***** Input data *****

text \<open>The origin of the factor \<open>exp (- 9 / 4) * 4 powr \<beta>\<close> in \<open>cstar\<close>: the harmonic tail is at most
  \<open>ln (M / 3)\<close> and the tail of \<open>\<Sum> 1 / j\<^sup>2\<close> at most \<open>1 / 3\<close>.\<close>

lemma prod_one_minus_ge_powr:
  fixes \<beta> :: real
  assumes "0 \<le> \<beta>" "\<beta> \<le> 2" "3 \<le> M"
  shows "exp (- 9 / 4) * 4 powr \<beta> * real M powr (- \<beta>) \<le> (\<Prod>j=4..M. 1 - \<beta> / real j)"
proof -
  have M: "0 < real M" "0 < 1 / real M" using assms by simp_all
  have "ln 4 - ln 3 \<le> (1 / 3 :: real)"
    using ln_add_one_self_le_self[of "1 / 3 :: real"] ln_div[of 4 3] by simp
  then have "\<beta> * (ln 4 - ln 3) \<le> 2 * (1 / 3)"
    using assms by (intro mult_mono) auto
  moreover have "\<beta> * (\<Sum>j=4..M. 1 / real j) \<le> \<beta> * (ln (real M) - ln 3)"
    using sum_inverse_le_ln[OF assms(3)] assms by (intro mult_left_mono) auto
  moreover have "(\<Sum>j=4..M. 1 / (real j)\<^sup>2) \<le> 1 / 3"
    using sum_inverse_square_le[OF assms(3)] M by linarith
  then have "\<beta>\<^sup>2 * (\<Sum>j=4..M. 1 / (real j)\<^sup>2) \<le> 4 * (1 / 3)"
    using power_mono[of \<beta> 2 2] assms by (intro mult_mono) (auto intro: sum_nonneg)
  ultimately have "\<beta> * (\<Sum>j=4..M. 1 / real j) + \<beta>\<^sup>2 * (\<Sum>j=4..M. 1 / (real j)\<^sup>2)
      \<le> \<beta> * (ln (real M) - ln 4) + 9 / 4"
    by (simp add: algebra_simps)
  then have "exp (- (\<beta> * (ln (real M) - ln 4) + 9 / 4))
      \<le> exp (- (\<beta> * (\<Sum>j=4..M. 1 / real j) + \<beta>\<^sup>2 * (\<Sum>j=4..M. 1 / (real j)\<^sup>2)))"
    by simp
  also have "\<dots> \<le> (\<Prod>j=4..M. 1 - \<beta> / real j)" by (rule prod_one_minus_ge_exp[OF assms])
  also have "exp (- (\<beta> * (ln (real M) - ln 4) + 9 / 4)) = exp (- 9 / 4) * 4 powr \<beta> * real M powr (- \<beta>)"
    using M by (simp add: powr_def exp_add[symmetric] exp_diff algebra_simps exp_minus field_simps)
  finally show ?thesis .
qed

lemma gR_sum_eq_prod_tail:
  assumes "3 \<le> M"
  shows "gR_sum \<beta> M = (1 - \<beta>) * ((2 - \<beta>) * (3 - \<beta>) / 6) * (\<Prod>j=4..M. 1 - \<beta> / real j)"
  using assms
proof (induction M rule: nat_induct_at_least)
  case base
  have "gR_sum \<beta> 3 = (1 - \<beta>) * (1 - \<beta> / 2) * (1 - \<beta> / 3)"
    by (simp add: gR_sum_eq_prod numeral_3_eq_3 numeral_2_eq_2)
  then show ?case by (simp add: field_simps)
next
  case (Suc M)
  then show ?case by (simp add: gR_sum_Suc add.commute)
qed

lemma gR_sum_lower_bound:
  assumes "1 < \<beta>" "\<beta> < 2" "3 \<le> M"
  shows "cstar \<beta> / 2 * real M powr (- \<beta>) \<le> PsiR \<beta> * gR_sum \<beta> M"
proof -
  define c3 where "c3 = PsiR \<beta> * ((1 - \<beta>) * ((2 - \<beta>) * (3 - \<beta>) / 6))"
  have c3: "0 < c3"
    unfolding c3_def using PsiR_neg[OF assms(1,2)] assms by (intro mult_neg_neg) (auto intro!: mult_neg_pos)
  have "cstar \<beta> / 2 * real M powr (- \<beta>) = c3 * (exp (- 9 / 4) * 4 powr \<beta> * real M powr (- \<beta>))"
    unfolding c3_def cstar_def by (simp add: field_simps)
  also have "\<dots> \<le> c3 * (\<Prod>j=4..M. 1 - \<beta> / real j)"
    using prod_one_minus_ge_powr[of \<beta> M] assms c3 by (intro mult_left_mono) auto
  also have "\<dots> = PsiR \<beta> * gR_sum \<beta> M"
    unfolding gR_sum_eq_prod_tail[OF assms(3)] c3_def by (simp only: mult.assoc)
  finally show ?thesis .
qed

lemma cstar_pos:
  assumes "1 < \<beta>" "\<beta> < 2"
  shows "0 < cstar \<beta>"
proof -
  have "0 < (1 - \<beta>) * PsiR \<beta>" using PsiR_neg[OF assms] assms by (simp add: mult_neg_neg)
  moreover have "0 < (2 - \<beta>) * (3 - \<beta>) * 4 powr \<beta> * exp (- 9 / 4) / 3" using assms by simp
  ultimately have "0 < ((1 - \<beta>) * PsiR \<beta>) * ((2 - \<beta>) * (3 - \<beta>) * 4 powr \<beta> * exp (- 9 / 4) / 3)"
    by (rule mult_pos_pos)
  then show ?thesis unfolding cstar_def by (simp add: algebra_simps)
qed

lemma riesz_coercivity_const_le:
  assumes "1 < \<beta>" "\<beta> < 2" "a < b" "3 \<le> M"
  shows "cstar \<beta> / 2 * (b - a) powr (- \<beta>) \<le> ((b - a) / real M) powr (- \<beta>) * (PsiR \<beta> * gR_sum \<beta> M)"
proof -
  have "((b - a) / real M) powr (- \<beta>) * real M powr (- \<beta>) = (b - a) powr (- \<beta>)"
    using assms by (simp add: powr_mult[symmetric])
  then have "cstar \<beta> / 2 * (b - a) powr (- \<beta>) = ((b - a) / real M) powr (- \<beta>) * (cstar \<beta> / 2 * real M powr (- \<beta>))"
    by (simp add: algebra_simps)
  also have "\<dots> \<le> ((b - a) / real M) powr (- \<beta>) * (PsiR \<beta> * gR_sum \<beta> M)"
    using gR_sum_lower_bound[OF assms(1,2,4)] by (intro mult_left_mono) auto
  finally show ?thesis .
qed

lemma rZ_quadratic_form_ge:
  fixes v :: "nat \<Rightarrow> real"
  assumes "1 < \<beta>" "\<beta> < 2" "3 \<le> M" "v 0 = 0" "v M = 0"
  shows "PsiR \<beta> * gR_sum \<beta> M * (\<Sum>j=1..M-1. (v j)\<^sup>2)
       \<le> (\<Sum>j=1..M-1. (\<Sum>k=0..M. rZ \<beta> (int j - int k) * v k) * v j)"
proof -
  let ?I = "{1..M-1}"
  have boundary: "(\<Sum>k=0..M. rZ \<beta> (int j - int k) * v k) = (\<Sum>k\<in>?I. rZ \<beta> (int j - int k) * v k)" for j
  proof -
    have "{0..M} = insert 0 (insert M ?I)" "0 \<notin> insert M ?I" "M \<notin> ?I" using assms by auto
    then show ?thesis using assms by simp
  qed
  have "PsiR \<beta> * gR_sum \<beta> M * (\<Sum>j\<in>?I. (v j)\<^sup>2) \<le> (\<Sum>j\<in>?I. (\<Sum>k\<in>?I. rZ \<beta> (int j - int k)) * (v j)\<^sup>2)"
    unfolding sum_distrib_left using rZ_row_sum_ge[OF assms(1-3)]
    by (intro sum_mono mult_right_mono) auto
  also have "\<dots> \<le> (\<Sum>j\<in>?I. \<Sum>k\<in>?I. rZ \<beta> (int j - int k) * v k * v j)"
    using rR_nonpos[OF assms(1,2)]
    by (intro quadratic_form_ge_row_sums) (auto simp: rZ_def abs_minus_commute)
  also have "\<dots> = (\<Sum>j\<in>?I. (\<Sum>k=0..M. rZ \<beta> (int j - int k) * v k) * v j)"
    unfolding boundary by (simp add: sum_distrib_right)
  finally show ?thesis .
qed

section \<open>Discrete energy estimates\<close>

lemma mono_weights_ge_first:
  fixes c :: "nat \<Rightarrow> real"
  assumes "\<And>i. 1 \<le> i \<Longrightarrow> i \<le> n \<Longrightarrow> c i \<le> c (Suc i)" "1 \<le> i" "i \<le> Suc n"
  shows "c 1 \<le> c i"
  using assms(2,3)
proof (induction i rule: dec_induct)
  case (step i)
  then show ?case using assms(1)[of i] by simp
qed simp

lemma weighted_telescope_ge:
  fixes c \<phi> :: "nat \<Rightarrow> real"
  assumes "\<And>i. 1 \<le> i \<Longrightarrow> i \<le> j \<Longrightarrow> - \<mu> \<le> \<phi> i"
    and "0 \<le> c 1" and "\<And>i. 1 \<le> i \<Longrightarrow> i < j \<Longrightarrow> c i \<le> c (Suc i)" and "1 \<le> j"
  shows "- \<mu> * c j - c j * \<phi> (Suc j) \<le> (\<Sum>i=1..j. c i * (\<phi> i - \<phi> (Suc i)))"
  using assms(4,1,3)
proof (induction j rule: nat_induct_at_least)
  case base
  have "c 1 * (- \<mu>) \<le> c 1 * \<phi> 1" using base assms(2) by (intro mult_left_mono) auto
  then show ?case by (simp add: algebra_simps)
next
  case (Suc j)
  have "(c (Suc j) - c j) * (- \<mu>) \<le> (c (Suc j) - c j) * \<phi> (Suc j)"
    using Suc.prems Suc.hyps by (intro mult_left_mono) auto
  then have "- \<mu> * c (Suc j) - c (Suc j) * \<phi> (Suc (Suc j))
      \<le> - \<mu> * c j - c j * \<phi> (Suc j) + c (Suc j) * (\<phi> (Suc j) - \<phi> (Suc (Suc j)))"
    by (simp add: algebra_simps)
  also have "\<dots> \<le> (\<Sum>i=1..Suc j. c i * (\<phi> i - \<phi> (Suc i)))"
    using Suc by simp
  finally show ?case .
qed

*****

Task details:
Using the data above, transcribe the lines that run from the line with "PsiR \<beta>) *" to the line with "section \<open>Discrete energy", both ends kept, and output nothing else.

Solution to the exercise:
  ultimately have "0 < ((1 - \<beta>) * PsiR \<beta>) * ((2 - \<beta>) * (3 - \<beta>) * 4 powr \<beta> * exp (- 9 / 4) / 3)"
    by (rule mult_pos_pos)
  then show ?thesis unfolding cstar_def by (simp add: algebra_simps)
qed

lemma riesz_coercivity_const_le:
  assumes "1 < \<beta>" "\<beta> < 2" "a < b" "3 \<le> M"
  shows "cstar \<beta> / 2 * (b - a) powr (- \<beta>) \<le> ((b - a) / real M) powr (- \<beta>) * (PsiR \<beta> * gR_sum \<beta> M)"
proof -
  have "((b - a) / real M) powr (- \<beta>) * real M powr (- \<beta>) = (b - a) powr (- \<beta>)"
    using assms by (simp add: powr_mult[symmetric])
  then have "cstar \<beta> / 2 * (b - a) powr (- \<beta>) = ((b - a) / real M) powr (- \<beta>) * (cstar \<beta> / 2 * real M powr (- \<beta>))"
    by (simp add: algebra_simps)
  also have "\<dots> \<le> ((b - a) / real M) powr (- \<beta>) * (PsiR \<beta> * gR_sum \<beta> M)"
    using gR_sum_lower_bound[OF assms(1,2,4)] by (intro mult_left_mono) auto
  finally show ?thesis .
qed

lemma rZ_quadratic_form_ge:
  fixes v :: "nat \<Rightarrow> real"
  assumes "1 < \<beta>" "\<beta> < 2" "3 \<le> M" "v 0 = 0" "v M = 0"
  shows "PsiR \<beta> * gR_sum \<beta> M * (\<Sum>j=1..M-1. (v j)\<^sup>2)
       \<le> (\<Sum>j=1..M-1. (\<Sum>k=0..M. rZ \<beta> (int j - int k) * v k) * v j)"
proof -
  let ?I = "{1..M-1}"
  have boundary: "(\<Sum>k=0..M. rZ \<beta> (int j - int k) * v k) = (\<Sum>k\<in>?I. rZ \<beta> (int j - int k) * v k)" for j
  proof -
    have "{0..M} = insert 0 (insert M ?I)" "0 \<notin> insert M ?I" "M \<notin> ?I" using assms by auto
    then show ?thesis using assms by simp
  qed
  have "PsiR \<beta> * gR_sum \<beta> M * (\<Sum>j\<in>?I. (v j)\<^sup>2) \<le> (\<Sum>j\<in>?I. (\<Sum>k\<in>?I. rZ \<beta> (int j - int k)) * (v j)\<^sup>2)"
    unfolding sum_distrib_left using rZ_row_sum_ge[OF assms(1-3)]
    by (intro sum_mono mult_right_mono) auto
  also have "\<dots> \<le> (\<Sum>j\<in>?I. \<Sum>k\<in>?I. rZ \<beta> (int j - int k) * v k * v j)"
    using rR_nonpos[OF assms(1,2)]
    by (intro quadratic_form_ge_row_sums) (auto simp: rZ_def abs_minus_commute)
  also have "\<dots> = (\<Sum>j\<in>?I. (\<Sum>k=0..M. rZ \<beta> (int j - int k) * v k) * v j)"
    unfolding boundary by (simp add: sum_distrib_right)
  finally show ?thesis .
qed

section \<open>Discrete energy estimates\<close>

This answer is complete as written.